**Dataset entries**
__________________________________________________
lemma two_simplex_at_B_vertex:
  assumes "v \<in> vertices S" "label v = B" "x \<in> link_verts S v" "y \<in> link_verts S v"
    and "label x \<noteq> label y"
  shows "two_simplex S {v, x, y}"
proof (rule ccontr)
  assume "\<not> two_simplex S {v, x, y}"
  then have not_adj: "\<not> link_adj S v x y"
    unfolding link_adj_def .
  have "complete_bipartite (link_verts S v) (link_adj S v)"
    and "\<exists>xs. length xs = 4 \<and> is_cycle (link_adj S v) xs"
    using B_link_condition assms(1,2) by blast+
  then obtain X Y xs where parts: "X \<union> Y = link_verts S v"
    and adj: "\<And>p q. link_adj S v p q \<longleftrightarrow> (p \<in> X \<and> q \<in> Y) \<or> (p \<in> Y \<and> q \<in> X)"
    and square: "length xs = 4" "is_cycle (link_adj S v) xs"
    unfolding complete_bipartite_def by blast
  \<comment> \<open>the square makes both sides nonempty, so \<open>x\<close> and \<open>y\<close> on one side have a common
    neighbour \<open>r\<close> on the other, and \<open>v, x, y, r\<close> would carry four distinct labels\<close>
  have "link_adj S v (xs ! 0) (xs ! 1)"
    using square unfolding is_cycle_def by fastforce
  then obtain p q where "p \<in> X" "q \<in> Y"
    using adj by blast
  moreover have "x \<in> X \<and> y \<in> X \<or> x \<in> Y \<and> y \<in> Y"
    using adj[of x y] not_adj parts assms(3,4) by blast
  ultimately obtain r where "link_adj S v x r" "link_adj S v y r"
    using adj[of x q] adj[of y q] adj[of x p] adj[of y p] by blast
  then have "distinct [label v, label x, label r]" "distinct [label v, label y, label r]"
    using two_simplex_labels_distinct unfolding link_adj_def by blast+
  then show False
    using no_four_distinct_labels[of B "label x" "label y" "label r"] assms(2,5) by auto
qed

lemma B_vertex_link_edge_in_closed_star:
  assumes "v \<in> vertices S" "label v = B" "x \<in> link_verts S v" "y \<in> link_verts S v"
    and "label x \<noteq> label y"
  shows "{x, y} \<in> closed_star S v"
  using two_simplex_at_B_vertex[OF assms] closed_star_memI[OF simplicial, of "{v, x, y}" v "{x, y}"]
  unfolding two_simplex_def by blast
__________________________________________________
**Exercise**
In the records above, return precisely the line containing "using two_simplex_at_B_vertex[OF assms]" and each line that comes after it, up to the final one.

**Output of the exercise**
  using two_simplex_at_B_vertex[OF assms] closed_star_memI[OF simplicial, of "{v, x, y}" v "{x, y}"]
  unfolding two_simplex_def by blast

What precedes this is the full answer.